Long before you could be “friends” with artists on MySpace and stalk them on Twitter, you could join their fan club, buy posters of them to paste up on your wall (your real-life bedroom wall) and feel that you belonged in their special circle even though they had no idea who you were. (You may have had Bye Bye Birdie fantasies, but for most, that’s not really how it went down. You signed up for the dream, not the reality.) Often the artist, as much as or even more so than the art, represented safe harbor, conjured a sense of identity, bridged confusion and pain (with or without a heavy dose of cliché, depending on your tastes), and offered companionship not in silence, but in songs that never asked for anything back.
I got lost thinking this over, tried to get unjaded enough to follow my gut on this and see how much people need music to actually survive in modern society, but even more so, depend on and cling to musicians.
You can sing along with them if you want to. No one else will care.
Chris Becker says
We will always need our shamans. And not everyone is up to the task. Great Gods don’t ride small horses.
Robin Hodge says
…people who continue to admire The Undertones want to believe they recognise an essence that defies the present…
maybe people who admire the Undertones in this day and age also remember the fractious background they came from.Maybe there’s an understanding of the ‘Derry’ scenario, the backdrop of violence and bloodshed that not everyone was a party too. Maybe there’s an understanding and appreciation of their 2 minute pop driven singles that a 50 year old Londoner can get to grips with. Teenage kicks?
gurdonark says
I do not have much “rock fan” in me, in that sense of the term that encompasses my friend who, seeing ZZ Top in 1984 at a then-famed Dallas bar, approached their bodyguard to say “could you just tell the guys how much I love the song ______________?”.
Yet I have a memory painfully sharp in what it is to be 21. In 1980, I did my “Summer school in the UK” Summer. It was a great time. My own favorite artist at that time was Bill Nelson, and it was a thrill to buy his new single “Do You Dream in Colour?” on his little indie Cocteau Records label when it would not be available back home for ages.
Yet there was that tangy, red-faced dilemma–should I try to get in touch and ask to meet him? After all, he was by then an entirely indie artist. It would have been entirely possible that an earnest letter would have yielded a result–a chance to visit the studio, to hear him play. Yet the awe I had for his work kept me from doing just that. In the event, the only concert he played during that time was just after I left. That tang of doubt and of hope–that was the one-way penpal-ism of everything that kept people joining fan clubs and citing lyrics in conversations as ways to express feelings. Indeed, though I never tried to contact the artist, I did visit his home town of Wakefield in an unsuccessful hunt for his earliest indie releases. It was a joy to visit a town not touristed, Goldsmith aside, where a rural carnival was in action.

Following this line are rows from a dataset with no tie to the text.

(* Let $s\in\mathbb R$ and $0<\epsilon_0<1$ be fixed. For $N>0$ let $\phi_N$ be defined by $\hat\phi_N=N^{-3/2-s}(\chi_{D_{1,N}}+\chi_{D_{2,N}})$, and let $t_N=N^{-3-\epsilon_0}$. Then $\|\phi_N\|_{H^{s,0}}\sim1$ uniformly in $N\ge1$, and there exist $C>0$ and $N_0$ such that for all $N\ge N_0$, $$\|u_{2,N}(t_N)\|_{H^{s,0}}^2\ge C\,N^{-1-2\epsilon_0-2s},$$ where $u_{2,N}$ denotes the second iterate $u_2$ associated with $h=\phi_N$.
   Context: $D_{1,N}=[N/2,N]\times[-6N^2,6N^2]$ and $D_{2,N}=[N,2N]\times[\sqrt3N^2,(\sqrt3+1)N^2]$; $\chi_D$ is the indicator of $D$. $P(\xi,\eta)=\xi^3-\eta^2/\xi$. $W(t)$, $t\in\mathbb R$, is defined by $\mathcal F_{x,y}(W(t)h)(\xi,\eta)=\exp(itP(\xi,\eta)-\xi^2|t|)\hat h(\xi,\eta)$. For $h$ in $H^{s,0}$, the second iterate is $u_2(t)=-\int_0^tW(t-t')\,\partial_x\big[(W(t')h)^2\big]\,dt'$, $t\ge0$. $H^{s,0}(\mathbb R^2)$ has norm $\|u\|_{H^{s,0}}^2=\int_{\mathbb R^2}(1+\xi^2)^s|\hat u(\xi,\eta)|^2d\xi d\eta$, and $A\sim B$ means $C^{-1}B\le A\le CB$ for a constant $C$. *)

theory Defs
  imports "HOL-Analysis.Analysis"
begin

definition FT :: "(real \<times> real \<Rightarrow> complex) \<Rightarrow> real \<times> real \<Rightarrow> complex" where
  "FT f \<xi> = integral\<^sup>L lborel (\<lambda>x. exp (- \<i> * complex_of_real (x \<bullet> \<xi>)) * f x)"

definition iFT :: "(real \<times> real \<Rightarrow> complex) \<Rightarrow> real \<times> real \<Rightarrow> complex" where
  "iFT g x = complex_of_real (1 / (4 * pi\<^sup>2)) *
      integral\<^sup>L lborel (\<lambda>\<xi>. exp (\<i> * complex_of_real (x \<bullet> \<xi>)) * g \<xi>)"

text \<open>The symbol P(xi,eta) = xi^3 - eta^2/xi (at xi = 0, a null set, HOL's division gives 0).\<close>
definition Psym :: "real \<times> real \<Rightarrow> real" where
  "Psym \<xi> = fst \<xi> ^ 3 - snd \<xi> ^ 2 / fst \<xi>"

definition Wmult :: "real \<Rightarrow> real \<times> real \<Rightarrow> complex" where
  "Wmult t \<xi> = exp (\<i> * complex_of_real (t * Psym \<xi>) - complex_of_real (fst \<xi> ^ 2 * \<bar>t\<bar>))"

text \<open>Functions h are represented by their Fourier transform hh = \<hat>h.
  W(t)h in physical space:\<close>
definition W :: "real \<Rightarrow> (real \<times> real \<Rightarrow> complex) \<Rightarrow> real \<times> real \<Rightarrow> complex" where
  "W t hh = iFT (\<lambda>\<xi>. Wmult t \<xi> * hh \<xi>)"

text \<open>Fourier transform of the second iterate
  u_2(t) = - int_0^t W(t-t') d_x[(W(t')h)^2] dt', computed frequency-wise
  (d_x corresponds to multiplication by i xi).\<close>
definition u2_hat :: "(real \<times> real \<Rightarrow> complex) \<Rightarrow> real \<Rightarrow> real \<times> real \<Rightarrow> complex" where
  "u2_hat hh t \<xi> = - set_lebesgue_integral lborel {0..t}
      (\<lambda>t'. Wmult (t - t') \<xi> * (\<i> * complex_of_real (fst \<xi>)) *
            FT (\<lambda>x. (W t' hh x)\<^sup>2) \<xi>)"

text \<open>H^{s,0} norm of the function whose Fourier transform is g.\<close>
definition Hs0_norm :: "real \<Rightarrow> (real \<times> real \<Rightarrow> complex) \<Rightarrow> real" where
  "Hs0_norm s g = sqrt (enn2real
      (\<integral>\<^sup>+ \<xi>. ennreal ((1 + fst \<xi> ^ 2) powr s * (cmod (g \<xi>))\<^sup>2) \<partial>lborel))"

definition D1 :: "real \<Rightarrow> (real \<times> real) set" where
  "D1 N = {N/2..N} \<times> {-6 * N\<^sup>2..6 * N\<^sup>2}"

definition D2 :: "real \<Rightarrow> (real \<times> real) set" where
  "D2 N = {N..2*N} \<times> {sqrt 3 * N\<^sup>2..(sqrt 3 + 1) * N\<^sup>2}"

Now that I am 50, I tend to listen to ambient and electronica artists with whom I can e-mail at will or meet at places like the chatroom at stillstream.com. I’m friends with some of them. Some of them are listeners of mine. No more idols, no more heroes, only people who share music with one another. In Creative Commons netlabel culture, we eschew seeking even money for work, because that sharing is a value in itself.
I am impressed with modern acts that “get” the safe harbour nature of the rockstar experience, while still being a bit more accessible than the old model. Many friends from around the country have their own John Darnielle/Mountain Goats story about having had a meaningful chat after a show.
Yet from 1980, I remember standing in the Hammersmith Odeon with thousands upon thousands of fans, singing “Waterloo Sunset” and “Lola” and the rest of the entire singalong Kinks catalog, with the Davies largely just letting the audience “sit in” as vocal session players. I wonder if that kind of communal, water cooler connection with a band exists anymore. Yet in 1980, the other great show I saw was a small bar performance by Clive Gregson and Any Trouble, a cult act then and a cult performer now. I like that in 1980 and in 2010, little bands doing fun work will be in Time Out, and then play to packed houses of 35 fans who love their niche.
Thank you for sharing this post, and for waking in me a fandom within long buried, but worth remembering.